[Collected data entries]
────

(* Let $(\mathscr F,\Gamma),(\mathscr G,\Lambda)\colon(\mathcal C,\mathbb E,\mathfrak s)\to(\mathcal D,\mathbb F,\mathfrak t)$ be $n$-exangulated functors and $\beth\colon(\mathscr F,\Gamma)\Rightarrow(\mathscr G,\Lambda)$ an $n$-exangulated natural transformation. Then $$\widetilde{\langle\beth\rangle}\circ_h\mathrm{id}_{\mathsf{Shin}_{(\mathcal C,\mathbb E)}}=\mathrm{id}_{\mathsf{Shin}_{(\mathcal D,\mathbb F)}}\circ_h\langle\widetilde\beth\rangle$$ as natural transformations from $\widetilde{\mathsf E_{(\mathscr F,\Gamma)}}\circ\mathsf{Shin}_{(\mathcal C,\mathbb E)}=\mathsf{Shin}_{(\mathcal D,\mathbb F)}\circ\mathsf E_{(\widetilde{\mathscr F},\widetilde\Gamma)}$ to $\widetilde{\mathsf E_{(\mathscr G,\Lambda)}}\circ\mathsf{Shin}_{(\mathcal C,\mathbb E)}=\mathsf{Shin}_{(\mathcal D,\mathbb F)}\circ\mathsf E_{(\widetilde{\mathscr G},\widetilde\Lambda)}$ (functors $\widetilde{\mathbb E}\text{-}\mathrm{Ext}(\widetilde{\mathcal C})\to\widetilde{\mathbb F\text{-}\mathrm{Ext}(\mathcal D)}$).
   Context: $n\ge1$; $n$-exangulated categories in the sense of Herschend–Liu–Nakaoka. $a_*\alpha=\mathbb E(C,a)(\alpha)$, $c^*\alpha=\mathbb E(c,A)(\alpha)$. $n$-exangulated functor $(\mathscr F,\Gamma)$: additive $\mathscr F$ with natural $\Gamma\colon\mathbb E(-,-)\Rightarrow\mathbb F(\mathscr F-,\mathscr F-)$ sending realisations to realisations ($\mathfrak s(\alpha)=[X_\bullet]\Rightarrow\mathfrak t(\Gamma\alpha)=[\mathscr FX_\bullet]$). $n$-exangulated natural transformation: natural $\beth\colon\mathscr F\Rightarrow\mathscr G$ with $(\beth_A)_*\Gamma(\alpha)=(\beth_C)^*\Lambda(\alpha)$ for all $\alpha\in\mathbb E(C,A)$. $\mathbb E\text{-}\mathrm{Ext}(\mathcal C)$: objects $\alpha\in\mathbb E(C,A)$; morphisms $(a,c)\colon\alpha\to\beta\in\mathbb E(D,B)$ with $a_*\alpha=c^*\beta$. $\mathsf E_{(\mathscr F,\Gamma)}\colon\alpha\mapsto\Gamma(\alpha)$, $(a,c)\mapsto(\mathscr Fa,\mathscr Fc)$; $\langle\beth\rangle\colon\mathsf E_{(\mathscr F,\Gamma)}\Rightarrow\mathsf E_{(\mathscr G,\Lambda)}$ has components $\langle\beth\rangle_\alpha=(\beth_A,\beth_C)$. Idempotent completion $\widetilde{\mathcal A}$: objects $(X,e)$, morphisms $(e_Y,f,e_X)$ with $fe_X=f=e_Yf$, composition $(e_Z,g,e_Y)(e_Y,f,e_X)=(e_Z,gf,e_X)$; for an additive functor $\mathscr H$, $\widetilde{\mathscr H}(X,e)=(\mathscr HX,\mathscr He)$, $\widetilde{\mathscr H}(e_Y,f,e_X)=(\mathscr He_Y,\mathscr Hf,\mathscr He_X)$; for a natural transformation $\theta\colon\mathscr H\Rightarrow\mathscr K$, $\widetilde\theta_{(X,e)}=(\mathscr Ke,(\mathscr Ke)\theta_X(\mathscr He),\mathscr He)$. $\widetilde{\mathbb E}((C,e_C),(A,e_A))=\{(e_A,\alpha,e_C)\mid(e_A)_*\alpha=\alpha=(e_C)^*\alpha\}$, with $\widetilde{\mathbb E}((e_C,d,e_D),(e_B,a,e_A))(e_A,\alpha,e_C)=(e_B,\mathbb E(d,a)\alpha,e_D)$; $\widetilde\Gamma(e_A,\alpha,e_C)=(\mathscr Fe_A,\Gamma(\alpha),\mathscr Fe_C)$; the $n$-exangulated structure $(\widetilde{\mathcal C},\widetilde{\mathbb E},\widetilde{\mathfrak s})$ is that of Klapproth–Msapato–Shah. $\mathsf{Shin}_{(\mathcal C,\mathbb E)}\colon\widetilde{\mathbb E}\text{-}\mathrm{Ext}(\widetilde{\mathcal C})\to\widetilde{\mathbb E\text{-}\mathrm{Ext}(\mathcal C)}$ is $(e_A,\alpha,e_C)\mapsto(\alpha,(e_A,e_C))$, $((e_B,a,e_A),(e_D,c,e_C))\mapsto((e_B,e_D),(a,c),(e_A,e_C))$. Horizontal composition: $(\daleth\circ_h\theta)_X=\daleth_{\mathscr KX}\circ\mathscr L(\theta_X)$ for $\theta\colon\mathscr H\Rightarrow\mathscr K$, $\daleth\colon\mathscr L\Rightarrow\mathscr M$. *)

theory Defs
  imports Main
begin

────

■ **Directions**
Repeat all of the entries above exactly.

■ **Solved exercise**
(* Let $(\mathscr F,\Gamma),(\mathscr G,\Lambda)\colon(\mathcal C,\mathbb E,\mathfrak s)\to(\mathcal D,\mathbb F,\mathfrak t)$ be $n$-exangulated functors and $\beth\colon(\mathscr F,\Gamma)\Rightarrow(\mathscr G,\Lambda)$ an $n$-exangulated natural transformation. Then $$\widetilde{\langle\beth\rangle}\circ_h\mathrm{id}_{\mathsf{Shin}_{(\mathcal C,\mathbb E)}}=\mathrm{id}_{\mathsf{Shin}_{(\mathcal D,\mathbb F)}}\circ_h\langle\widetilde\beth\rangle$$ as natural transformations from $\widetilde{\mathsf E_{(\mathscr F,\Gamma)}}\circ\mathsf{Shin}_{(\mathcal C,\mathbb E)}=\mathsf{Shin}_{(\mathcal D,\mathbb F)}\circ\mathsf E_{(\widetilde{\mathscr F},\widetilde\Gamma)}$ to $\widetilde{\mathsf E_{(\mathscr G,\Lambda)}}\circ\mathsf{Shin}_{(\mathcal C,\mathbb E)}=\mathsf{Shin}_{(\mathcal D,\mathbb F)}\circ\mathsf E_{(\widetilde{\mathscr G},\widetilde\Lambda)}$ (functors $\widetilde{\mathbb E}\text{-}\mathrm{Ext}(\widetilde{\mathcal C})\to\widetilde{\mathbb F\text{-}\mathrm{Ext}(\mathcal D)}$).
   Context: $n\ge1$; $n$-exangulated categories in the sense of Herschend–Liu–Nakaoka. $a_*\alpha=\mathbb E(C,a)(\alpha)$, $c^*\alpha=\mathbb E(c,A)(\alpha)$. $n$-exangulated functor $(\mathscr F,\Gamma)$: additive $\mathscr F$ with natural $\Gamma\colon\mathbb E(-,-)\Rightarrow\mathbb F(\mathscr F-,\mathscr F-)$ sending realisations to realisations ($\mathfrak s(\alpha)=[X_\bullet]\Rightarrow\mathfrak t(\Gamma\alpha)=[\mathscr FX_\bullet]$). $n$-exangulated natural transformation: natural $\beth\colon\mathscr F\Rightarrow\mathscr G$ with $(\beth_A)_*\Gamma(\alpha)=(\beth_C)^*\Lambda(\alpha)$ for all $\alpha\in\mathbb E(C,A)$. $\mathbb E\text{-}\mathrm{Ext}(\mathcal C)$: objects $\alpha\in\mathbb E(C,A)$; morphisms $(a,c)\colon\alpha\to\beta\in\mathbb E(D,B)$ with $a_*\alpha=c^*\beta$. $\mathsf E_{(\mathscr F,\Gamma)}\colon\alpha\mapsto\Gamma(\alpha)$, $(a,c)\mapsto(\mathscr Fa,\mathscr Fc)$; $\langle\beth\rangle\colon\mathsf E_{(\mathscr F,\Gamma)}\Rightarrow\mathsf E_{(\mathscr G,\Lambda)}$ has components $\langle\beth\rangle_\alpha=(\beth_A,\beth_C)$. Idempotent completion $\widetilde{\mathcal A}$: objects $(X,e)$, morphisms $(e_Y,f,e_X)$ with $fe_X=f=e_Yf$, composition $(e_Z,g,e_Y)(e_Y,f,e_X)=(e_Z,gf,e_X)$; for an additive functor $\mathscr H$, $\widetilde{\mathscr H}(X,e)=(\mathscr HX,\mathscr He)$, $\widetilde{\mathscr H}(e_Y,f,e_X)=(\mathscr He_Y,\mathscr Hf,\mathscr He_X)$; for a natural transformation $\theta\colon\mathscr H\Rightarrow\mathscr K$, $\widetilde\theta_{(X,e)}=(\mathscr Ke,(\mathscr Ke)\theta_X(\mathscr He),\mathscr He)$. $\widetilde{\mathbb E}((C,e_C),(A,e_A))=\{(e_A,\alpha,e_C)\mid(e_A)_*\alpha=\alpha=(e_C)^*\alpha\}$, with $\widetilde{\mathbb E}((e_C,d,e_D),(e_B,a,e_A))(e_A,\alpha,e_C)=(e_B,\mathbb E(d,a)\alpha,e_D)$; $\widetilde\Gamma(e_A,\alpha,e_C)=(\mathscr Fe_A,\Gamma(\alpha),\mathscr Fe_C)$; the $n$-exangulated structure $(\widetilde{\mathcal C},\widetilde{\mathbb E},\widetilde{\mathfrak s})$ is that of Klapproth–Msapato–Shah. $\mathsf{Shin}_{(\mathcal C,\mathbb E)}\colon\widetilde{\mathbb E}\text{-}\mathrm{Ext}(\widetilde{\mathcal C})\to\widetilde{\mathbb E\text{-}\mathrm{Ext}(\mathcal C)}$ is $(e_A,\alpha,e_C)\mapsto(\alpha,(e_A,e_C))$, $((e_B,a,e_A),(e_D,c,e_C))\mapsto((e_B,e_D),(a,c),(e_A,e_C))$. Horizontal composition: $(\daleth\circ_h\theta)_X=\daleth_{\mathscr KX}\circ\mathscr L(\theta_X)$ for $\theta\colon\mathscr H\Rightarrow\mathscr K$, $\daleth\colon\mathscr L\Rightarrow\mathscr M$. *)

theory Defs
  imports Main
begin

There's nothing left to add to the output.